Bit · Cardio
Restrictive vs Constrictive cardiomyopathy / pericarditis
Two causes of right-sided heart failure with preserved systolic function that produce nearly identical clinical pictures. The pivot is whether the problem is in the myocardium or the pericardium.
Mechanism
Both result in impaired diastolic filling with preserved ejection fraction, elevated jugular venous pressure, hepatomegaly, ascites, and lower-extremity edema. Distinguishing them matters because constrictive pericarditis is potentially curable surgically (pericardiectomy):
- Restrictive cardiomyopathy — the myocardium is stiff. Causes: amyloidosis (most common in clinical practice), sarcoidosis, hemochromatosis, endomyocardial fibrosis, Loeffler endocarditis, radiation, scleroderma, post-radiation, glycogen storage disease (Pompe). Echo shows biatrial enlargement, normal ventricular cavity size, and on tissue Doppler — reduced mitral annular tissue velocity (e').

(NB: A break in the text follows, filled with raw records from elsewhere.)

lemma support_action_top: "xact (sX y) top = qact (ip y top) top"
proof (rule antisym)
  have "xact (sX y) top \<le> qact (ip y y) top" by (rule support_action_le_ip)
  also have "\<dots> \<le> qact (ip y top) top" by (intro qact_mono_left ip_mono_right) simp
  finally show "xact (sX y) top \<le> qact (ip y top) top" .
  have "y \<le> xact (sX y) top"
    using xact_mono_right[of y top "sX y"] support_action_self by simp
  then have "qact (ip y top) top \<le> qact (ip (xact (sX y) top) top) top"
    by (intro qact_mono_left ip_mono_left)
  also have "\<dots> = xact (sX y) top"
    using lact_ip_top qact_lact qact_ip_top_top by metis
  finally show "qact (ip y top) top \<le> xact (sX y) top" .
qed

lemma qact_support_action_top: "qact q (xact (sX x) top) = xact (sX (qact q x)) top"
  by (simp add: support_action_top ip_qact qact_mult)

lemma support_action_top_le: "xact (sQ p) top \<le> qact p top"
proof -
  have "xact (sQ p) top = qact (lact (sQ p) top) top"
    by (simp add: qact_lact qact_top_top)
  also have "\<dots> \<le> qact (mult (mult p (invo p)) top) top"
    using support unfolding is_support_def by (blast intro: qact_mono_left)
  also have "\<dots> = qact p (qact (invo p) top)"
    by (simp add: qact_mult qact_top_top)
  also have "\<dots> \<le> qact p top"
    by (simp add: qact_mono_right)
  finally show ?thesis .
qed

lemma support_ract_action_top_le: "xact (sQ (ract q (sX x))) top \<le> xact (sX (qact q x)) top"
  using support_action_top_le[of "ract q (sX x)"]
  by (simp add: qact_ract qact_support_action_top)

lemma support_ract_le: "sQ (ract q a) \<le> sQ q"
proof -
  have "ract q a \<le> ract q top"
    using quantale bi_sup_pres_mono_right[of ract a top q] unfolding AA_quantale_def by simp
  also have "\<dots> = q"
    using quantale unfolding AA_quantale_def by simp
  finally show ?thesis
    using support sup_hom_mono unfolding is_support_def by blast
qed

lemma xact_top_reflects_order:
  assumes "equivariant_support lact sQ" and "sQ (ip top top) = top"
    and "xact a top \<le> xact b top"
  shows "a \<le> b"
proof -
  have "lact a (ip top top) \<le> lact b (ip top top)"
    using ip_mono_left[OF \<open>xact a top \<le> xact b top\<close>] by (simp add: lact_ip_top)
  then have "sQ (lact a (ip top top)) \<le> sQ (lact b (ip top top))"
    using support sup_hom_mono unfolding is_support_def by blast
  then show ?thesis
    using assms(1,2) unfolding equivariant_support_def by simp
qed

lemma support_qact_eq_if_bounded:
  assumes "equivariant_support lact sQ"
    and bounded: "\<And>q x. sX (qact q x) \<le> sQ q"
  shows "sX (qact q x) = sQ (ract q (sX x))"
proof (rule antisym)
  show "sX (qact q x) \<le> sQ (ract q (sX x))"
    using bounded[of "ract q (sX x)" x] by (simp add: qact_ract support_action_self)
  have "sQ (ip top top) = top"
    using bounded[of "ip top top" top] by (simp add: qact_ip_top_top sX_top top_le)
  then show "sQ (ract q (sX x)) \<le> sX (qact q x)"
    using xact_top_reflects_order[OF assms(1)] support_ract_action_top_le by blast
qed

end

theorem lemma4p5:
  fixes lact :: "'a::complete_lattice \<Rightarrow> 'q::complete_lattice \<Rightarrow> 'q"
    and ract :: "'q \<Rightarrow> 'a \<Rightarrow> 'q"
    and mult :: "'q \<Rightarrow> 'q \<Rightarrow> 'q"
    and invo :: "'q \<Rightarrow> 'q"
    and sQ :: "'q \<Rightarrow> 'a"
    and ups :: "'q \<Rightarrow> 'a"
    and qact :: "'q \<Rightarrow> 'x::complete_lattice \<Rightarrow> 'x"
    and xact :: "'a \<Rightarrow> 'x \<Rightarrow> 'x"
    and ip :: "'x \<Rightarrow> 'x \<Rightarrow> 'q"
    and sX :: "'x \<Rightarrow> 'a"
  assumes "groupoid_quantale lact ract mult invo sQ ups"
    and "supported_module lact ract mult invo qact xact ip sX"
  shows "((\<forall>q x. sX (qact q x) = sQ (ract q (sX x))) \<longleftrightarrow> (\<forall>q x. sX (qact q x) \<le> sQ q))
       \<and> ((\<forall>q x. sX (qact q x) \<le> sQ q) \<longleftrightarrow> (\<forall>q. sX (qact q top) \<le> sQ q))"
proof -
  have quantale: "AA_quantale lact ract mult invo" and support: "is_support lact mult invo sQ"
    and equivariant: "equivariant_support lact sQ"
    using assms(1) unfolding groupoid_quantale_def by fast+
  interpret supported_Q_module lact ract mult invo sQ qact xact ip sX
    using quantale support assms(2) by unfold_locales
  have "(\<forall>q x. sX (qact q x) = sQ (ract q (sX x))) \<longleftrightarrow> (\<forall>q x. sX (qact q x) \<le> sQ q)"
    using support_qact_eq_if_bounded[OF equivariant] support_ract_le by metis
  moreover have "(\<forall>q x. sX (qact q x) \<le> sQ q) \<longleftrightarrow> (\<forall>q. sX (qact q top) \<le> sQ q)"
    using sX_mono[OF qact_mono_right[OF top_greatest]] order_trans by blast
  ultimately show ?thesis ..
qed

- Constrictive pericarditis — the pericardium is thickened/calcified, encasing the heart. Causes: post-cardiac surgery, post-radiation, TB (globally most common), uremia, post-viral. Echo shows pericardial thickening; respiratory variation in ventricular filling is characteristic. Preserved mitral annular velocity. Pericardial knock on auscultation.
Differentiator Table
| Restrictive CMP | Constrictive pericarditis | |
| Where is the problem? | Stiff myocardium | Stiff/thickened pericardium |
| Kussmaul sign (JVP ↑ on inspiration) | May be present | Classically present |
| Pericardial knock | Absent | Present (early diastolic) |
| Pulsus paradoxus | Less common | May be present |
| Echo — pericardium | Normal thickness | Thickened, calcified, often pericardial effusion early |
| Echo — atrial size | Biatrial enlargement | Normal or mild |
| Tissue Doppler — septal e' (mitral annulus) | DECREASED (myocardium itself is bad) | PRESERVED or INCREASED (myocardium is OK, just constrained) |
| Respiratory variation in ventricular inflow | Minimal | Marked (ventricular interdependence) |
| BNP | Markedly elevated (myocardial stress) | Mildly elevated |
| Cardiac MRI | Myocardial infiltration (e.g. late gadolinium in amyloid) | Thick pericardium, septal bounce |
| Classic causes | Amyloid, sarcoid, hemochromatosis, Loeffler, radiation | TB, post-cardiac surgery, post-radiation, uremia |
| Treatment | Treat underlying disease; supportive | Pericardiectomy (often curative) |
The Pivot
The most discriminating finding is on echo:
- Tissue Doppler septal e' velocity preserved? → constrictive pericarditis (the myocardium is fine, just squeezed).
- Reduced e' velocity? → restrictive cardiomyopathy.
Confirm with cardiac MRI: a thick pericardium nails constrictive; myocardial infiltration nails restrictive (amyloid has distinctive late gadolinium enhancement).
NBME-Style Stem
A 64-year-old man with a history of mantle radiation for Hodgkin lymphoma 20 years ago presents with progressive lower-extremity edema, ascites, and dyspnea. JVP is elevated and rises with inspiration. An early diastolic high-pitched sound is heard at the apex. Echocardiography shows a thickened, calcified pericardium and preserved tissue Doppler velocities at the mitral annulus. Which of the following is the most likely diagnosis?
Concept Anchor
Both diseases shrink the ventricle's diastolic room — but in restriction the heart muscle is the problem (tissue Doppler suffers), while in constriction the pericardium is the cage (tissue Doppler is preserved). That one velocity decides which is reversible by surgery.